*** DATA UNDER STUDY ***

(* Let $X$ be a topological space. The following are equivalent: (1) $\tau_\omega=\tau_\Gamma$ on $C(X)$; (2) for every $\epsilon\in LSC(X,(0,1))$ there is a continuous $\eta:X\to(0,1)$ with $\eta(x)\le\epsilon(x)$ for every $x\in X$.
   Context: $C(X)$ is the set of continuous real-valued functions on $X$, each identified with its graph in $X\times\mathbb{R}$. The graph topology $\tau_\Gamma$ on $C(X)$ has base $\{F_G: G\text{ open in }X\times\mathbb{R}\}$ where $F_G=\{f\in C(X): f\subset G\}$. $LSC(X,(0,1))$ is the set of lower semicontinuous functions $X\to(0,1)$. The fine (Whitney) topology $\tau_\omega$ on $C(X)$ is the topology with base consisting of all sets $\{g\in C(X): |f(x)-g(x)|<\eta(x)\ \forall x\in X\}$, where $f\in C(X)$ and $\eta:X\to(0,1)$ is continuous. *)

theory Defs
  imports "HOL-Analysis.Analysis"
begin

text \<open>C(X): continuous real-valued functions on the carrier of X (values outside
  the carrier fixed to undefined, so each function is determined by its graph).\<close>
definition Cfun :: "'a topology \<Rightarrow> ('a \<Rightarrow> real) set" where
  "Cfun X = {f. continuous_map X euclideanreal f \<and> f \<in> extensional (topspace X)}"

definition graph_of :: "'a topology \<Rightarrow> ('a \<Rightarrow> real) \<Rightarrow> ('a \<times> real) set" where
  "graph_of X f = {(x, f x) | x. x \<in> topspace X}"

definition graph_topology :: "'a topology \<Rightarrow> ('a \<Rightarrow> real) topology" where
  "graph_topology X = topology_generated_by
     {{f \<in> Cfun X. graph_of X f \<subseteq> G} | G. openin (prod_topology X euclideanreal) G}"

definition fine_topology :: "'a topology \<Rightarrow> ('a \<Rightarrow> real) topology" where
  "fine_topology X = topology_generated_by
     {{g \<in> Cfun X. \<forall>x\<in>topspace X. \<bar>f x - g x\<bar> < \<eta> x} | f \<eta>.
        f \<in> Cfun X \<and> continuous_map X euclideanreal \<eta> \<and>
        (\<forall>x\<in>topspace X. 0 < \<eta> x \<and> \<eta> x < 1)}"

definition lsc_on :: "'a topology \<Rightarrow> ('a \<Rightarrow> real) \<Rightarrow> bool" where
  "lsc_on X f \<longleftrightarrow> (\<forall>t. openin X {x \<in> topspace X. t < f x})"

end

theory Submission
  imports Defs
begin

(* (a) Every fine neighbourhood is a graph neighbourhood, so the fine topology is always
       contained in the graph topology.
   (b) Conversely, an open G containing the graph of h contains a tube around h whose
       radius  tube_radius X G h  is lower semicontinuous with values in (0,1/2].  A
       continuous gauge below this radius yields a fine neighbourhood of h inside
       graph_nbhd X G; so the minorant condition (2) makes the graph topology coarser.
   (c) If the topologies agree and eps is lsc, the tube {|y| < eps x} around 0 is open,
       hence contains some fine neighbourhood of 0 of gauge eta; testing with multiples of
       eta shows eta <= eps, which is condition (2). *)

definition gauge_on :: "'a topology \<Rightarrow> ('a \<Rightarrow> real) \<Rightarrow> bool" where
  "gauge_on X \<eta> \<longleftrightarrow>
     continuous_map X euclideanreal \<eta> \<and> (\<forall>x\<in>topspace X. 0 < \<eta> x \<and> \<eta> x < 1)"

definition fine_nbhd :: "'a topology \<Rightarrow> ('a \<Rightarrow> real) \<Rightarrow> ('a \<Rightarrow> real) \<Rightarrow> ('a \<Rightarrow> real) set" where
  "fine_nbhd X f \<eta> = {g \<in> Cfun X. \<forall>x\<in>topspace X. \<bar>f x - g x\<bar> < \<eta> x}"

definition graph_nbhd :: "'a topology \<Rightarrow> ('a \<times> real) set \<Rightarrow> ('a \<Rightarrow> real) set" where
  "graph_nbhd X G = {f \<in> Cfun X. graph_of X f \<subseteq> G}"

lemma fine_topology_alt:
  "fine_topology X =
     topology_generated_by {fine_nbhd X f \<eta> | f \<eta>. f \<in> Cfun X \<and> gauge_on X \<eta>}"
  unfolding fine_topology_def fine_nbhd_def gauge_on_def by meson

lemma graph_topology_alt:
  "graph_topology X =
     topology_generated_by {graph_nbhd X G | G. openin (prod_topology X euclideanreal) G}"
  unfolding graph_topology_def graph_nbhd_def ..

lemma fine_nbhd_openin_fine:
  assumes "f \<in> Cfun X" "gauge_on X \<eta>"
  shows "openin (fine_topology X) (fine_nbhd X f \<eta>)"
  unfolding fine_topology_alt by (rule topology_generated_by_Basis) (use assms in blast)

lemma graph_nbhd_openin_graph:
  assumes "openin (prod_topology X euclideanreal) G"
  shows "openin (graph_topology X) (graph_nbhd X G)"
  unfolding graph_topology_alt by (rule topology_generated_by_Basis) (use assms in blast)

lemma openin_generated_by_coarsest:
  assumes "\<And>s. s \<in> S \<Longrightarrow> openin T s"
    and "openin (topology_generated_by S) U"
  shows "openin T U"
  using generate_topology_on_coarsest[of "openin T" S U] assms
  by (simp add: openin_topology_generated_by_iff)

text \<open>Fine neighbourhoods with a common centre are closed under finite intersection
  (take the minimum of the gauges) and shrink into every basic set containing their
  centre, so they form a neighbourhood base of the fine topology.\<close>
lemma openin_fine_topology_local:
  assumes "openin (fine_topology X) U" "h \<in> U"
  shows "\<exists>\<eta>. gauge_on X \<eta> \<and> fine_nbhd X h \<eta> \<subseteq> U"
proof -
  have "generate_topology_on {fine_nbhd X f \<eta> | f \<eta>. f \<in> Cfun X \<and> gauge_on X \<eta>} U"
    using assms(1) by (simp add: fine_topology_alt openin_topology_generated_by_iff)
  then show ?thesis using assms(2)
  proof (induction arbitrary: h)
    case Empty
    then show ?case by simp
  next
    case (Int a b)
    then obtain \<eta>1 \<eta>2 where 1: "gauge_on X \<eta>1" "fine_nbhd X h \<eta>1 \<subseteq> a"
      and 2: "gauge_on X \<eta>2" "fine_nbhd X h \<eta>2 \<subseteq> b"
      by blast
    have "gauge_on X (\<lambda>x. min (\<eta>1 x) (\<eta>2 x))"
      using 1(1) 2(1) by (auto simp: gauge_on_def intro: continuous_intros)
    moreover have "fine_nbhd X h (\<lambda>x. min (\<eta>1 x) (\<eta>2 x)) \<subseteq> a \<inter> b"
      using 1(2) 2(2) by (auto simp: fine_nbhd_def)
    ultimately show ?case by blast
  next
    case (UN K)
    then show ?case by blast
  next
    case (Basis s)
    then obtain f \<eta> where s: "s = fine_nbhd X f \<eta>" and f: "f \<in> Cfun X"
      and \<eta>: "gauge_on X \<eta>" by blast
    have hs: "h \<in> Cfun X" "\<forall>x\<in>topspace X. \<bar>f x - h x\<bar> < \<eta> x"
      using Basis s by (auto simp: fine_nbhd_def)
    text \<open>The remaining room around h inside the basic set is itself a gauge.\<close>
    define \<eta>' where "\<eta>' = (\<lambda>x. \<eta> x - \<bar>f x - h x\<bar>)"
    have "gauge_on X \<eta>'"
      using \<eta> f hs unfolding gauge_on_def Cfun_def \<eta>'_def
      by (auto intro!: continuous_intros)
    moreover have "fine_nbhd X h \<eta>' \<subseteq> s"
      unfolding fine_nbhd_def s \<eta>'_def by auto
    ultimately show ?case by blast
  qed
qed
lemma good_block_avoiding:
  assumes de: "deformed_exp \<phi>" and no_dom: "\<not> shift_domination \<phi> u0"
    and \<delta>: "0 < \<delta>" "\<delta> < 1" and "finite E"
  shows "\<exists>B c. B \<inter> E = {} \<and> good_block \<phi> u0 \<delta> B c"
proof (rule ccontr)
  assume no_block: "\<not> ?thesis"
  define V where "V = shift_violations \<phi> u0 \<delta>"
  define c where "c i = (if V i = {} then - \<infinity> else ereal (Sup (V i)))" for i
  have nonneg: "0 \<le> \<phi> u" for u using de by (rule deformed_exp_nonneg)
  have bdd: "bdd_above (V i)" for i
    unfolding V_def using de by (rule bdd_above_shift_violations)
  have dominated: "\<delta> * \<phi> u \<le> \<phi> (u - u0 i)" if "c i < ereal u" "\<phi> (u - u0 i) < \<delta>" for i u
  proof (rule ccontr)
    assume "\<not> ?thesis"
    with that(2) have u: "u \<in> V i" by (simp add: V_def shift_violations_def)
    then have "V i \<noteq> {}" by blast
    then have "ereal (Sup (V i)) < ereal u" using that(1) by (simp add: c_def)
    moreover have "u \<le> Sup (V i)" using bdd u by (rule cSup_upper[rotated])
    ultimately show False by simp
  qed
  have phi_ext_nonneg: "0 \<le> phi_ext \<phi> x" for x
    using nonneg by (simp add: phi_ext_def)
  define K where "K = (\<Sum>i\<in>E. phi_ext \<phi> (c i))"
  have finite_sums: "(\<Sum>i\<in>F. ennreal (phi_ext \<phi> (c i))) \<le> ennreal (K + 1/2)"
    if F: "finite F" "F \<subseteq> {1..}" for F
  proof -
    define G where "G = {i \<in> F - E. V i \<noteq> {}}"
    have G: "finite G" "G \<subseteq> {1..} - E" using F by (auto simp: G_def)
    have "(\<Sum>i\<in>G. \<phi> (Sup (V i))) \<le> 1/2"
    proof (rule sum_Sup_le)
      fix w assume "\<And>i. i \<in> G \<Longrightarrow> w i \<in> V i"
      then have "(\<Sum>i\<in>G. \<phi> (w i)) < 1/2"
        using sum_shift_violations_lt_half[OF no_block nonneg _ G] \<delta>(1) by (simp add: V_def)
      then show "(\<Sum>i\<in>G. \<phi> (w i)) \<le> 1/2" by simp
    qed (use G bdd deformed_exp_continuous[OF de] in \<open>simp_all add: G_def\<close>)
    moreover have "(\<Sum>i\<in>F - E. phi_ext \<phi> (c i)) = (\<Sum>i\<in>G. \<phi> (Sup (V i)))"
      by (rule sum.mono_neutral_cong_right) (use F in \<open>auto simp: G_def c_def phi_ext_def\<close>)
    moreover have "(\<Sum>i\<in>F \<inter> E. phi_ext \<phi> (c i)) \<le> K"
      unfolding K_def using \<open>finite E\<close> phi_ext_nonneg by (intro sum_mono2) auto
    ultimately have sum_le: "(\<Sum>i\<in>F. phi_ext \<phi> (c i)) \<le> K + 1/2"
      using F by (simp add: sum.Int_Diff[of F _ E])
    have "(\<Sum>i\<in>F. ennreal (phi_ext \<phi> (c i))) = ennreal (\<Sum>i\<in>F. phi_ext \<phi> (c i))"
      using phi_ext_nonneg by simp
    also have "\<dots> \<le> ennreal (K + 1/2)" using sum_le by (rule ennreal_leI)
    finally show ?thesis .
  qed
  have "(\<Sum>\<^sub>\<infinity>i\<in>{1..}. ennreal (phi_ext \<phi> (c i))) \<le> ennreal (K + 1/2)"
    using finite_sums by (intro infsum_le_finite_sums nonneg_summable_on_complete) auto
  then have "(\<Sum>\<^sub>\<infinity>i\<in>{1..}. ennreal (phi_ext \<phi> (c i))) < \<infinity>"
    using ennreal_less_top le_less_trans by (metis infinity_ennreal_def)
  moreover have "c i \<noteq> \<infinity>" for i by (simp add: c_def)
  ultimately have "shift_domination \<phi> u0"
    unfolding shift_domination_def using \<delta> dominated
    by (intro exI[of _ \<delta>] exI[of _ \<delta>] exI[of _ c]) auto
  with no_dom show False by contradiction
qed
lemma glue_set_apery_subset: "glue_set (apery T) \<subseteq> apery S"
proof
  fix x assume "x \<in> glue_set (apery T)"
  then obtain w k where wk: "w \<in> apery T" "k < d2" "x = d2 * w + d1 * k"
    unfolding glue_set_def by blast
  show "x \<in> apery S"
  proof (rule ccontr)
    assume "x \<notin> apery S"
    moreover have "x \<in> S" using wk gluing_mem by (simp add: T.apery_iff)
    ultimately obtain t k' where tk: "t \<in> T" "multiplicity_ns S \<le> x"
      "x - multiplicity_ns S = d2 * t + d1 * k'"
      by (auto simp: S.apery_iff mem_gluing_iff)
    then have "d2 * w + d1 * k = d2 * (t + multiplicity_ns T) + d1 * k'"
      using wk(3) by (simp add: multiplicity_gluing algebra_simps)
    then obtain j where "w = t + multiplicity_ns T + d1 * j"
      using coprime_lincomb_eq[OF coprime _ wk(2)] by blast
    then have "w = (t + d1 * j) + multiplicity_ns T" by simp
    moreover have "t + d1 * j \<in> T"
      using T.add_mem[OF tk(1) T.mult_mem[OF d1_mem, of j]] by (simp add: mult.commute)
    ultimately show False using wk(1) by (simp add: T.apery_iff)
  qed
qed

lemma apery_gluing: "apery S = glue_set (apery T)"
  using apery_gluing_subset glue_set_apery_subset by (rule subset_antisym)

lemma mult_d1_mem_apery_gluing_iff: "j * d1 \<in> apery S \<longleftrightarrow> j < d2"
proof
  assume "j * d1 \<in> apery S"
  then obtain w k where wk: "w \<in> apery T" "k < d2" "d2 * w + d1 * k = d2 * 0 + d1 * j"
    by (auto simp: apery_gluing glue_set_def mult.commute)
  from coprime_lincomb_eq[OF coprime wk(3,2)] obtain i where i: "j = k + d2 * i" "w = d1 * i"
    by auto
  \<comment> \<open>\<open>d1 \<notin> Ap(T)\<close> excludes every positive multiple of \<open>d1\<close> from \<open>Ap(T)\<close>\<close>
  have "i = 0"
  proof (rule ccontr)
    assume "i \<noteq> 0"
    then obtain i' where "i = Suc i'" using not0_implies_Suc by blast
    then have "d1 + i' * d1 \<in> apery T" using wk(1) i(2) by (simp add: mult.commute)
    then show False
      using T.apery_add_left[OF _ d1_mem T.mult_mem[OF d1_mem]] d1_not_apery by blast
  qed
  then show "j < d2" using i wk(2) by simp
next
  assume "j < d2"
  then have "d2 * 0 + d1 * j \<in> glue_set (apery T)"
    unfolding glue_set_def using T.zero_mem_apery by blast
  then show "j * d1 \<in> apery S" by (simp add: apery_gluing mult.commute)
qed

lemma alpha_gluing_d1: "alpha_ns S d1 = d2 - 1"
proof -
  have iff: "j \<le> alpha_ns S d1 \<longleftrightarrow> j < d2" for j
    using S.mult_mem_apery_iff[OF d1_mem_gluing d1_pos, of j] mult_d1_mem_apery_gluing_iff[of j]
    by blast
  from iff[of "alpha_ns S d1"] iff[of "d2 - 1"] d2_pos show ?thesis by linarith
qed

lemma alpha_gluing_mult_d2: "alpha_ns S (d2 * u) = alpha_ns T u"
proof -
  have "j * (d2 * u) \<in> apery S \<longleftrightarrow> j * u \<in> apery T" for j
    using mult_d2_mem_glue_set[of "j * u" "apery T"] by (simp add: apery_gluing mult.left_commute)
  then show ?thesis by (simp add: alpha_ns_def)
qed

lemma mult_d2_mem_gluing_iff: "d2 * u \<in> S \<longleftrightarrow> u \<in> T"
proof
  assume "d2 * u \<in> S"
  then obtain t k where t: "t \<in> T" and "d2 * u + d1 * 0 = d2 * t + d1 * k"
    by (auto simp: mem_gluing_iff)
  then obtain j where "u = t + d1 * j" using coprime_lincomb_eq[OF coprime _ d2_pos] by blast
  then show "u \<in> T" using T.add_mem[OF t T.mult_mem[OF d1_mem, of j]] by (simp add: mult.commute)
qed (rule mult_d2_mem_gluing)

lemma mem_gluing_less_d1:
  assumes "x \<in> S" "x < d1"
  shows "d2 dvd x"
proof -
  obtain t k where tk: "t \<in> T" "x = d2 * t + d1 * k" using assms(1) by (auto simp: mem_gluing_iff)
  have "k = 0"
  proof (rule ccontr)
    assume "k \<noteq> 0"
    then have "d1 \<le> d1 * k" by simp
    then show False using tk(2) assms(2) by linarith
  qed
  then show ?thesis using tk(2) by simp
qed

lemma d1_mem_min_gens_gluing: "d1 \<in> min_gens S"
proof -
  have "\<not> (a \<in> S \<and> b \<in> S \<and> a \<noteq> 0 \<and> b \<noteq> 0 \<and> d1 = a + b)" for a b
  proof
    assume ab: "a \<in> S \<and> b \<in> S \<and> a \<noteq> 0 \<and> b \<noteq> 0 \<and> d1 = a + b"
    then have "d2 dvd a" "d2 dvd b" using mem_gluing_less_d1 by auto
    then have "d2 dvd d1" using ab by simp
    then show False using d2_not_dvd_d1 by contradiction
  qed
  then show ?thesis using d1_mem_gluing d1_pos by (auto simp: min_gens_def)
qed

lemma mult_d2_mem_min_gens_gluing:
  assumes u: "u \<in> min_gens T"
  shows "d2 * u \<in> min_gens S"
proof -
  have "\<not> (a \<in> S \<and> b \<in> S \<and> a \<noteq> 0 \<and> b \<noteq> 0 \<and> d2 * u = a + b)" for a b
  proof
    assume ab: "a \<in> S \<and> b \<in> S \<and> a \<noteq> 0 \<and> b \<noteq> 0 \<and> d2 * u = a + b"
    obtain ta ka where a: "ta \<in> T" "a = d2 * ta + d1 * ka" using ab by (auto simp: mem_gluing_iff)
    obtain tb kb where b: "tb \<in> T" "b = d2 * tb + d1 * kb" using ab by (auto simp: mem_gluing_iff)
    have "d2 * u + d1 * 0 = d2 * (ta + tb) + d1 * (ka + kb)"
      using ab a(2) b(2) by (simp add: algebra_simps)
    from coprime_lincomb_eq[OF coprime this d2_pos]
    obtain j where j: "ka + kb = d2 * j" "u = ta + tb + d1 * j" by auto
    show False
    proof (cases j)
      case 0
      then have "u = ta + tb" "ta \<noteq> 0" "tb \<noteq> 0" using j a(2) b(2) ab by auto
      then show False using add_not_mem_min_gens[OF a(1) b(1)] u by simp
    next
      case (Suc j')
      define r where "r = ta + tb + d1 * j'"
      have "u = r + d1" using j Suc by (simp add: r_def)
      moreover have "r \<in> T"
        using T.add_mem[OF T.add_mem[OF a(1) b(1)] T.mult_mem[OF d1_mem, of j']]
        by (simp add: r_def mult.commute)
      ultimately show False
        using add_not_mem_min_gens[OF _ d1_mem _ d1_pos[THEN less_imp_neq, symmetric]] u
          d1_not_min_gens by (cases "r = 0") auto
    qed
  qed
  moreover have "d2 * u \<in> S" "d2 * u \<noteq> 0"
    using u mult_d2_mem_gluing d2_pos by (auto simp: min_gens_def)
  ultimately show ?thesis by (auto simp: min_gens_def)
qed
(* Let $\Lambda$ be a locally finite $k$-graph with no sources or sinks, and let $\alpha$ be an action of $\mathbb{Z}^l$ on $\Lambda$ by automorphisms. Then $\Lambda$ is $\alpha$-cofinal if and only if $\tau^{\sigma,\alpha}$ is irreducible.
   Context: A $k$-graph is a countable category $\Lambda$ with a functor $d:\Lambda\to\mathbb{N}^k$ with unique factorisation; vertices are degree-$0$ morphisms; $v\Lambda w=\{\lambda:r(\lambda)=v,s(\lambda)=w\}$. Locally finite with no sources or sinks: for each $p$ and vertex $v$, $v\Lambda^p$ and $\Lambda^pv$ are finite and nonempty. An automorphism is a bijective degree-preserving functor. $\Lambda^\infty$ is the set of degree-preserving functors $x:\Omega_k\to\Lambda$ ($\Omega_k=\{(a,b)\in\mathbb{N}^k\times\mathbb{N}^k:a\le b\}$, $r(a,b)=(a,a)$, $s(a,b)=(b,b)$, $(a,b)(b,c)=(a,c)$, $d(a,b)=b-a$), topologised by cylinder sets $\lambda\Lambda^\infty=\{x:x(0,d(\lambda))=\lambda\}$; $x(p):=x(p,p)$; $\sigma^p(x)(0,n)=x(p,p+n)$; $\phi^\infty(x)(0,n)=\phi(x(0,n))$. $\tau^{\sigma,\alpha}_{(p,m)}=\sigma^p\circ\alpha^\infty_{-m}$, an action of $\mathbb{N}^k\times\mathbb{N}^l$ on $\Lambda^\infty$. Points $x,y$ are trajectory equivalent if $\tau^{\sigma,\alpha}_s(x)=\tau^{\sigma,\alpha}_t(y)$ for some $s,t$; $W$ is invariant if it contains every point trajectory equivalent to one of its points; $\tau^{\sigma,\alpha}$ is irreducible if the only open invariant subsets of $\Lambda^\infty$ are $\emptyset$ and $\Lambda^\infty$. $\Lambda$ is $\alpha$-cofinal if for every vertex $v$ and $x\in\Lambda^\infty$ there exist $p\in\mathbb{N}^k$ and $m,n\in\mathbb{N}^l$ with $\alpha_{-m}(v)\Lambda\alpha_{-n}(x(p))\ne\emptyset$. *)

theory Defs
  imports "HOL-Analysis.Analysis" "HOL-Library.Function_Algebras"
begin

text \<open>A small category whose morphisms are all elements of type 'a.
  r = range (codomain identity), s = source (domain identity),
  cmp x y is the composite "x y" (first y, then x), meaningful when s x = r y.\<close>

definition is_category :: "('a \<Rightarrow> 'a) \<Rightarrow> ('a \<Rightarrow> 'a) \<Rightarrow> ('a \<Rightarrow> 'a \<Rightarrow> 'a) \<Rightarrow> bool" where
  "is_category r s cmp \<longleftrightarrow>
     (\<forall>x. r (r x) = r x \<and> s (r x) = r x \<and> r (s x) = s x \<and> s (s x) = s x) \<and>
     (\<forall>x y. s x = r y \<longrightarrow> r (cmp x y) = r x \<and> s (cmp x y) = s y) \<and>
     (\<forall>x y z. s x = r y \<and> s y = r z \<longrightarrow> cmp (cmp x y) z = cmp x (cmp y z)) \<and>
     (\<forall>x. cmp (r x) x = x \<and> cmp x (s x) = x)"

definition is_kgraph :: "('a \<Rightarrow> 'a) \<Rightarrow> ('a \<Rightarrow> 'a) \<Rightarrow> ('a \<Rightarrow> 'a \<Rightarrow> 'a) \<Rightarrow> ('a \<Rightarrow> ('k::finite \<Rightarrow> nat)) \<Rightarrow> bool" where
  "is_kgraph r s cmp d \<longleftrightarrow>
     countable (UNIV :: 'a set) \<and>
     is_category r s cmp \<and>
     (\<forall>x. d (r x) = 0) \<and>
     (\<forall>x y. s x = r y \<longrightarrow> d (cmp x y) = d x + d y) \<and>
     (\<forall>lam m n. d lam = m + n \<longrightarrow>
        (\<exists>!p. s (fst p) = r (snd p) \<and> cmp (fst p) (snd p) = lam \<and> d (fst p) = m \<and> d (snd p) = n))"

*** End of DATA UNDER STUDY ***

• _PROBLEM DETAILS_:
Above are some records; copy exactly the lines from the one with "using \<eta> f" through the one with "define V where", both included, and no others.

• _TASK RESPONSE_:
      using \<eta> f hs unfolding gauge_on_def Cfun_def \<eta>'_def
      by (auto intro!: continuous_intros)
    moreover have "fine_nbhd X h \<eta>' \<subseteq> s"
      unfolding fine_nbhd_def s \<eta>'_def by auto
    ultimately show ?case by blast
  qed
qed
lemma good_block_avoiding:
  assumes de: "deformed_exp \<phi>" and no_dom: "\<not> shift_domination \<phi> u0"
    and \<delta>: "0 < \<delta>" "\<delta> < 1" and "finite E"
  shows "\<exists>B c. B \<inter> E = {} \<and> good_block \<phi> u0 \<delta> B c"
proof (rule ccontr)
  assume no_block: "\<not> ?thesis"
  define V where "V = shift_violations \<phi> u0 \<delta>"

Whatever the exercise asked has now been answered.